In the previous section, we have explained how reliable protocols allow hosts to exchange data reliably even if the underlying physical layer is imperfect and thus unreliable. Connecting two hosts together through a wire is the first step to build a network. However, this is not sufficient. Hosts usually need to interact with other hosts that are not directly connected through a direct physical layer link. This can be achieved by adding one layer above the datalink layer: the `network` layer.
The main objective of the network layer is to allow hosts, connected to different networks, to exchange information through intermediate systems called :term:`router`. The unit of information in the network layer is called a :term:`packet`.
Before explaining the operation of the network layer, it is useful to remember the characteristics of the service provided by the `datalink` layer. There are many variants of the datalink layer. Some provide a reliable service while others do not provide any guarantee of delivery. The reliable datalink layer services are popular in environments such as wireless networks where transmission errors are frequent. On the other hand, unreliable services are usually used when the physical layer provides an almost reliable service (i.e. only a negligible fraction of the frames are affected by transmission errors). Such `almost reliable` services are frequently used in wired and optical networks. In this chapter, we will assume that the datalink layer service provides an `almost reliable` service since this is both the most general one and also the most widely deployed one.
There are two main types of datalink layers. The simplest datalink layer is when there are only two communicating systems that are directly connected through the physical layer. Such a datalink layer is used when there is a point-to-point link between the two communicating systems. These two systems can be hosts or routers. PPP (Point-to-Point Protocol), defined in :rfc:`1661`, is an example of such a point-to-point datalink layer. Datalink layer entities exchange `frames`. A datalink :term:`frame` sent by a datalink layer entity on the left is transmitted through the physical layer, so that it can reach the datalink layer entity on the right. Point-to-point datalink layers can either provide an unreliable service (frames can be corrupted or lost) or a reliable service (in this case, the datalink layer includes retransmission mechanisms).

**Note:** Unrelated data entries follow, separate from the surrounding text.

(* The map $f \mapsto C^{\wedge}(f)$, defined on the set $\mathbb{N}_0[\mathbb{R} \times \mathbb{R}_{>0}]$ of barcodes, is one-to-one.
   Context: A barcode is a finite formal sum $f = \sum_{i=1}^n x^{\alpha_i}y^{\ell_i}$ with $n\ge 0$, $\alpha_i \in \mathbb{R}$, $\ell_i \in \mathbb{R}_{>0}$ (i.e. a finite multiset of pairs $(\alpha_i,\ell_i)$, written as an element of the monoid semiring $\mathbb{N}_0[\mathbb{R}\times\mathbb{R}_{>0}]$ with indeterminates $x,y$ and real exponents). Its $p$-th exterior power ($p\ge1$) is the barcode $f^{\wedge p} = \sum_{1\le i_1<\cdots<i_p\le n} x^{\alpha_{i_1}+\cdots+\alpha_{i_p}}y^{\min\{\ell_{i_1},\ldots,\ell_{i_p}\}}$ (zero if $p>n$). Set $B(f) = \sum_i x^{\alpha_i}$, $D(f) = \sum_i x^{\alpha_i+\ell_i}$, and the critical series $C(f) = B(f)-D(f) \in \mathbb{Z}[\mathbb{R}]$ (finite integer combinations of $x^g$, $g\in\mathbb{R}$). The exterior critical series of $f$ is $C^{\wedge}(f) = \sum_{p=1}^{\infty} C(f^{\wedge p})z^p$, with $z$ a further indeterminate (a finite sum). *)

theory Defs
  imports Complex_Main "HOL-Library.Multiset" "HOL-Library.Product_Lexorder"
begin

(* A barcode: finite multiset of bars (alpha, ell) with ell > 0.
   Element of N_0[R x R_{>0}]. *)
type_synonym barcode = "(real \<times> real) multiset"

definition is_barcode :: "barcode \<Rightarrow> bool" where
  "is_barcode f \<longleftrightarrow> (\<forall>b \<in># f. snd b > 0)"

(* p-th exterior power: enumerate the bars of f as a list xs (any enumeration;
   we take the sorted one), and sum over p-element index sets
   {i_1 < ... < i_p} the bar (alpha_{i_1}+...+alpha_{i_p}, min ell_{i_j}). *)
definition ext_pow :: "barcode \<Rightarrow> nat \<Rightarrow> barcode" where
  "ext_pow f p =
     (let xs = sorted_list_of_multiset f in
      \<Sum>S \<in> {S. S \<subseteq> {..<length xs} \<and> card S = p}.
        {# (\<Sum>i\<in>S. fst (xs ! i), Min ((\<lambda>i. snd (xs ! i)) ` S)) #})"

(* Elements of Z[R] as finitely supported functions real => int
   (coefficient of x^g). *)
definition birth :: "barcode \<Rightarrow> real \<Rightarrow> int" where
  "birth f g = int (count (image_mset fst f) g)"

definition death :: "barcode \<Rightarrow> real \<Rightarrow> int" where
  "death f g = int (count (image_mset (\<lambda>(a, l). a + l) f) g)"

definition crit :: "barcode \<Rightarrow> real \<Rightarrow> int" where
  "crit f g = birth f g - death f g"

(* exterior critical series: coefficient of z^p x^g; the z^0 coefficient is 0 *)
definition ext_crit :: "barcode \<Rightarrow> nat \<Rightarrow> real \<Rightarrow> int" where
  "ext_crit f p g = (if p \<ge> 1 then crit (ext_pow f p) g else 0)"

end

theory Submission
  imports Defs
begin

(* Index the bars by a finite set I, bar i being v i = (alpha_i, ell_i), and raise all births
   by a shift c smaller than every length. In the p-th exterior power no death lies at or below
   c plus the least sum of p births, so that is the lowest point where the critical series is
   nonzero. These least p-sums, for all p, determine the multiset of births; subtracting the
   births from the critical series leaves the deaths, and the top exterior power reveals the
   minimal length m. With births raised by m, a p-subset containing a bar of length m is born
   and dies at the same point, so deleting the bars of length m leaves the critical series
   unchanged. Induction recovers the longer bars, and the births left over belong to bars of
   length m. *)

type_synonym 'a bars = "'a \<Rightarrow> real \<times> real"

definition subsets_card :: "'a set \<Rightarrow> nat \<Rightarrow> 'a set set" where
  "subsets_card I p = {S. S \<subseteq> I \<and> card S = p}"

definition birth_sum :: "'a bars \<Rightarrow> 'a set \<Rightarrow> real" where
  "birth_sum v S = (\<Sum>i\<in>S. fst (v i))"

definition length_min :: "'a bars \<Rightarrow> 'a set \<Rightarrow> real" where
  "length_min v S = Min ((\<lambda>i. snd (v i)) ` S)"

definition birth_count :: "real \<Rightarrow> 'a set \<Rightarrow> 'a bars \<Rightarrow> nat \<Rightarrow> real \<Rightarrow> nat" where
  "birth_count c I v p x = card {S \<in> subsets_card I p. birth_sum v S + c = x}"

definition death_count :: "'a set \<Rightarrow> 'a bars \<Rightarrow> nat \<Rightarrow> real \<Rightarrow> nat" where
  "death_count I v p x = card {S \<in> subsets_card I p. birth_sum v S + length_min v S = x}"

(* crit_count 0 I v p g is the coefficient of z^p x^g in the exterior critical series of the
   barcode with bars v i, i \<in> I; a shift c raises every birth by c and keeps the deaths. *)
definition crit_count :: "real \<Rightarrow> 'a set \<Rightarrow> 'a bars \<Rightarrow> nat \<Rightarrow> real \<Rightarrow> int" where
  "crit_count c I v p x = int (birth_count c I v p x) - int (death_count I v p x)"

definition min_birth_sum :: "'a set \<Rightarrow> 'a bars \<Rightarrow> nat \<Rightarrow> real" where
  "min_birth_sum I v p = Min (birth_sum v ` subsets_card I p)"

abbreviation birth_mset :: "'a set \<Rightarrow> 'a bars \<Rightarrow> real multiset" where
  "birth_mset I v \<equiv> image_mset (\<lambda>i. fst (v i)) (mset_set I)"

lemma finite_subsets_card [simp]: "finite I \<Longrightarrow> finite (subsets_card I p)"
  unfolding subsets_card_def by (rule finite_subset[of _ "Pow I"]) auto

lemma subsets_cardD:
  "S \<in> subsets_card I p \<Longrightarrow> finite I \<Longrightarrow> S \<subseteq> I \<and> finite S \<and> card S = p"
  unfolding subsets_card_def by (auto intro: finite_subset)

lemma subsets_card_eq_empty_iff: "finite I \<Longrightarrow> subsets_card I p = {} \<longleftrightarrow> card I < p"
  unfolding subsets_card_def
  by (metis (mono_tags, lifting) Collect_empty_eq card_mono not_le obtain_subset_with_card_n)

lemma subsets_card_card: "finite I \<Longrightarrow> subsets_card I (card I) = {I}"
  unfolding subsets_card_def using card_subset_eq by blast

lemma subsets_card_0: "finite I \<Longrightarrow> subsets_card I 0 = {{}}"
  unfolding subsets_card_def by (auto simp: card_eq_0_iff dest: finite_subset)

lemma card_subsets_card_remove:
  assumes "finite I" "i \<in> I" "0 < p"
  shows "card {S \<in> subsets_card I p. P S} = card {S \<in> subsets_card (I - {i}) p. P S}
     + card {T \<in> subsets_card (I - {i}) (p - 1). P (insert i T)}"
proof -
  let ?A = "{S \<in> subsets_card (I - {i}) p. P S}"
  let ?B = "{T \<in> subsets_card (I - {i}) (p - 1). P (insert i T)}"
  have "{S \<in> subsets_card I p. P S} = ?A \<union> insert i ` ?B"
  proof (intro set_eqI iffI)
    fix S assume S: "S \<in> {S \<in> subsets_card I p. P S}"
    then have "finite S" using subsets_cardD assms(1) by blast
    then show "S \<in> ?A \<union> insert i ` ?B"
      using S assms
      by (cases "i \<in> S") (auto simp: subsets_card_def image_iff insert_absorb intro!: exI[of _ "S - {i}"])
  next
    fix S assume "S \<in> ?A \<union> insert i ` ?B"
    then show "S \<in> {S \<in> subsets_card I p. P S}"
      using assms finite_subset[of _ "I - {i}"]
      by (auto simp: subsets_card_def card_insert_if)
  qed
  moreover have "?A \<inter> insert i ` ?B = {}"
    unfolding subsets_card_def by auto
  moreover have "inj_on (insert i) ?B"
    unfolding subsets_card_def inj_on_def by auto
  ultimately show ?thesis
    using assms(1) by (simp add: card_Un_disjoint card_image)
qed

The second type of datalink layer is the one used in Local Area Networks (LAN). Conceptually, a LAN is a set of communicating devices such that any two devices can directly exchange frames through the datalink layer. Both hosts and routers can be connected to a LAN. Some LANs only connect a few devices, but there are LANs that can connect hundreds or even thousands of devices. In this chapter, we focus on the utilization of point-to-point datalink layers. We describe later the organization and the operation of Local Area Networks and their impact on the network layer.
Even if we only consider the point-to-point datalink layers, there is an important characteristic of these layers that we cannot ignore. No datalink layer is able to send frames of unlimited size. Each datalink layer is characterized by a maximum frame size. There are more than dozen different datalink layers and unfortunately most of them use a different maximum frame size. This heterogeneity in the maximum frame sizes will cause problems when we will need to exchange data between hosts attached to different types of datalink layers.
As a first step, let us assume that we only need to exchange a small amount of data. In this case, there is no issue with the maximum length of the frames. However, there are other more interesting problems that we need to tackle. To understand these problems, let us consider the network represented in the figure below.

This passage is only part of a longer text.